START Recorded information

lemma poly_act_shift:
  assumes A_closed: "\<And>x. x \<in> carrier M \<Longrightarrow> A x \<in> carrier M"
    and A_add: "\<And>x y. x \<in> carrier M \<Longrightarrow> y \<in> carrier M \<Longrightarrow> A (add M x y) = add M (A x) (A y)"
    and A_S: "\<And>x a. x \<in> carrier M \<Longrightarrow> A (S a x) = S a (A x)"
    and A_T: "\<And>x. x \<in> carrier M \<Longrightarrow> A (T x) = add M (T (A x)) (S d (A x))"
    and v: "v \<in> carrier M"
  shows "A (poly_act M S T q v) = poly_act M S T (q \<circ>\<^sub>p [:d, 1:]) (A v)"
  using v
proof (induction q arbitrary: v)
  case 0
  have "A (zero M) = zero M" using A_S[of "zero M" 0] A_closed[of "zero M"] by simp
  then show ?case by simp
next
  case (pCons a q)
  have "A (poly_act M S T (pCons a q) v) = add M (S a (A v)) (A (T (poly_act M S T q v)))"
    using pCons by (simp add: poly_act_pCons A_add A_S)
  also have "\<dots> = add M (S a (A v)) (add M (T (poly_act M S T (q \<circ>\<^sub>p [:d, 1:]) (A v)))
       (S d (poly_act M S T (q \<circ>\<^sub>p [:d, 1:]) (A v))))"
    using pCons by (simp add: A_T)
  also have "\<dots> = poly_act M S T (pCons a q \<circ>\<^sub>p [:d, 1:]) (A v)"
    using pCons A_closed
    by (simp add: pcompose_pCons poly_act_add poly_act_mult poly_act_linear add_comm
        poly_act_pCons_0 poly_act_smult)
  finally show ?case .
qed

end

lemma (in complex_vspace) poly_action_smul: "lin_op M T \<Longrightarrow> poly_action M (smul M) T"
  unfolding lin_op_def by unfold_locales (simp_all add: smul_add_scalar smul_add_vector vspace)

section \<open>Modules over \<open>R(f)\<close> and the action of \<open>\<complex>[\<Omega>][H]\<close>\<close>

locale rmodule = complex_vspace M for M :: "('a, 'b) rmod_scheme" +
  fixes f u :: "complex poly"
  assumes rmod: "is_Rmod f M"
    and f_eq: "f = smult (1/2) (u \<circ>\<^sub>p [:1, 1:] - u)"

lemma rmoduleI: "is_Rmod f M \<Longrightarrow> f = smult (1/2) (u \<circ>\<^sub>p [:1, 1:] - u) \<Longrightarrow> rmodule M f u"
  by unfold_locales (simp_all add: is_Rmod_def)

context rmodule
begin

lemma lin_E: "lin_op M (actE M)" and lin_F: "lin_op M (actF M)" and lin_H: "lin_op M (actH M)"
  using rmod by (simp_all add: is_Rmod_def)

lemma E_closed [simp]: "x \<in> carrier M \<Longrightarrow> actE M x \<in> carrier M"
  and F_closed [simp]: "x \<in> carrier M \<Longrightarrow> actF M x \<in> carrier M"
  and H_closed [simp]: "x \<in> carrier M \<Longrightarrow> actH M x \<in> carrier M"
  using lin_E lin_F lin_H by (simp_all add: lin_op_def)

lemma E_add: "x \<in> carrier M \<Longrightarrow> y \<in> carrier M \<Longrightarrow> actE M (add M x y) = add M (actE M x) (actE M y)"
  and F_add: "x \<in> carrier M \<Longrightarrow> y \<in> carrier M \<Longrightarrow> actF M (add M x y) = add M (actF M x) (actF M y)"
  and H_add: "x \<in> carrier M \<Longrightarrow> y \<in> carrier M \<Longrightarrow> actH M (add M x y) = add M (actH M x) (actH M y)"
  using lin_E lin_F lin_H by (simp_all add: lin_op_def)

lemma E_smul: "x \<in> carrier M \<Longrightarrow> actE M (smul M a x) = smul M a (actE M x)"
  and F_smul: "x \<in> carrier M \<Longrightarrow> actF M (smul M a x) = smul M a (actF M x)"
  and H_smul: "x \<in> carrier M \<Longrightarrow> actH M (smul M a x) = smul M a (actH M x)"
  using lin_E lin_F lin_H by (simp_all add: lin_op_def)

lemma E_zero [simp]: "actE M (zero M) = zero M"
  and F_zero [simp]: "actF M (zero M) = zero M"
  using E_smul[of "zero M" 0] F_smul[of "zero M" 0] by simp_all

lemma EF_rel: "v \<in> carrier M \<Longrightarrow> actE M (actF M v) = add M (actF M (actE M v)) (polyop M (actH M) f v)"
  and HE_rel: "v \<in> carrier M \<Longrightarrow> actH M (actE M v) = add M (actE M (actH M v)) (actE M v)"
  and HF_rel: "v \<in> carrier M \<Longrightarrow> add M (actH M (actF M v)) (actF M v) = actF M (actH M v)"
  using rmod by (simp_all add: is_Rmod_def)

lemma EH_commute: "v \<in> carrier M \<Longrightarrow> actE M (actH M v) = add M (actH M (actE M v)) (smul M (-1) (actE M v))"
  by (simp add: HE_rel add_add_neg_cancel)

lemma FH_commute: "v \<in> carrier M \<Longrightarrow> actF M (actH M v) = add M (actH M (actF M v)) (smul M 1 (actF M v))"
  by (simp add: HF_rel)

lemma HF_commute: "v \<in> carrier M \<Longrightarrow> actH M (actF M v) = add M (actF M (actH M v)) (smul M (-1) (actF M v))"
  by (simp flip: HF_rel add: add_add_neg_cancel)

sublocale Hact: poly_action M "smul M" "actH M"
  by (rule poly_action_smul[OF lin_H])

abbreviation polyH where "polyH q v \<equiv> poly_act M (smul M) (actH M) q v"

END Recorded information

Within the entries above, find each line where "dots" appears; copy every one.

* [Solution to this exercise]
  also have "\<dots> = add M (S a (A v)) (add M (T (poly_act M S T (q \<circ>\<^sub>p [:d, 1:]) (A v)))
  also have "\<dots> = poly_act M S T (pCons a q \<circ>\<^sub>p [:d, 1:]) (A v)"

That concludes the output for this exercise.